In docstring for 4.7.1 it still say
text
,but both work
text
or
string
.
>>> bs4.__version__
'4.7.1'
>>> help(soup.find)
Help on method find in module bs4.element:
find(name=None, attrs={}, recursive=True, text=None, **kwargs) method of bs4.BeautifulSoup instance
Return only the first child of this Tag matching the given
criteria.
Good expatiation about the
None
stuff
Can show a example of both,and i would also trow in a
regex
for it to be an all text search.
This is not the most normal usage of a parser,usually want more specific content that do a full text sreach of a web-page.

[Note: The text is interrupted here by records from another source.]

lemma mechanism_allocate_on:
  assumes "mechanism n x" and "i < n" and [measurable]: "S \<in> sets borel"
  shows "mechanism n (allocate_on i S x)"
  using assms(1,2) unfolding mechanism_def allocate_on_def by (auto intro!: measurable_If_set)

lemma cond_alloc_allocate_on:
  assumes "prob_space (sig_dist g a b)"
  shows "cond_alloc n g a b (allocate_on i S x) i = (\<lambda>r. if r \<in> S then 1 else cond_alloc n g a b x i r)"
proof -
  interpret prob_space "PiM ({..<n} - {i}) (\<lambda>_. sig_dist g a b)"
    using assms by (rule prob_space_PiM)
  show ?thesis by (simp add: cond_alloc_def allocate_on_def prob_space fun_eq_iff)
qed

lemma feasible_allocate_on_deficit_set:
  assumes "prob_space (sig_dist fm a b)" and "prob_space (sig_dist fp a b)"
    and feas: "feasible n fm fp a b x i"
    and S: "S = {t\<in>{a..b}. indirect_util n fm fp a b x i t < 2 * t - 1}"
  shows "S \<in> sets borel" and "feasible n fm fp a b (allocate_on i S x) i"
proof -
  let ?p = "cond_alloc n fp a b x i" and ?q = "cond_alloc n fm a b x i"
  have ifeas: "interim_feasible {a..b} ?p ?q"
    using feas by (simp add: feasible_iff_interim_feasible)
  have S': "S = {t\<in>{a..b}. interim_util ?p ?q t t < 2 * t - 1}"
    using S by (simp add: indirect_util_eq_interim_util)
  show "S \<in> sets borel"
    using convex_interim_deficit_set[OF ifeas] unfolding S'
    by (intro real_interval_borel_measurable) (simp add: is_interval_convex_1)
  show "feasible n fm fp a b (allocate_on i S x) i"
    using interim_feasible_pool_deficit_set[OF ifeas S'] assms(1,2)
    by (simp add: feasible_iff_interim_feasible cond_alloc_allocate_on)
qed

lemma nn_integral_section_allocate_on_gain:
  assumes "prob_space (sig_dist g a b)" and "mechanism n x" and "i < n" and "t \<in> S"
  shows "(\<integral>\<^sup>+s. ennreal (allocate_on i S x (s(i := t)) - x (s(i := t))) \<partial>PiM ({..<n} - {i}) (\<lambda>_. sig_dist g a b))
      = ennreal (1 - cond_alloc n g a b x i t)"
proof -
  interpret prob_space "PiM ({..<n} - {i}) (\<lambda>_. sig_dist g a b)"
    using assms(1) by (rule prob_space_PiM)
  have int: "integrable (PiM ({..<n} - {i}) (\<lambda>_. sig_dist g a b)) (\<lambda>s. x (s(i := t)))"
    using integrable_mechanism_section[OF assms(1-3)] .
  have "(\<integral>\<^sup>+s. ennreal (allocate_on i S x (s(i := t)) - x (s(i := t))) \<partial>PiM ({..<n} - {i}) (\<lambda>_. sig_dist g a b))
      = ennreal (\<integral>s. 1 - x (s(i := t)) \<partial>PiM ({..<n} - {i}) (\<lambda>_. sig_dist g a b))"
    using \<open>t \<in> S\<close> int assms(2)
    by (simp add: allocate_on_def mechanism_def nn_integral_eq_integral)
  also have "\<dots> = ennreal (1 - cond_alloc n g a b x i t)"
    using int by (simp add: cond_alloc_def prob_space)
  finally show ?thesis .
qed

from bs4 import BeautifulSoup
import re
html = '''\
<p>Hello world and and python</p>
<td>python is a good language</td>
<td>not present in this text</td>
<div>Hello from python</div>'''
soup = BeautifulSoup(html, 'lxml')
the_word = 'python'
tags_found = soup.find_all(re.compile(".*"), text=lambda text: text and the_word in text)
print(tags_found)
print('-' * 15)
print([s.text for s in tags_found])
Output:
[<p>Hello world and and python</p>, <td>python is a good language</td>, <div>Hello from python</div>]
---------------
['Hello world and and python', 'python is a good language', 'Hello from python']
Without lambda(anonymous function no name),now a normal function with name.
from bs4 import BeautifulSoup
import re
html = '''\
<p>Hello world and and python</p>
<td>python is a good language</td>
<td>not present in this text</td>
<div>Hello from python</div>'''
def contains_word(text):
return text and the_word in text
soup = BeautifulSoup(html, 'lxml')
the_word = 'python'
tags_found = soup.find_all(re.compile(".*"), text=contains_word)
print(tags_found)
print('-' * 15)
print([s.text for s in tags_found])
Output:
[<p>Hello world and and python</p>, <td>python is a good language</td>, <div>Hello from python</div>]
---------------
['Hello world and and python', 'python is a good language', 'Hello from python']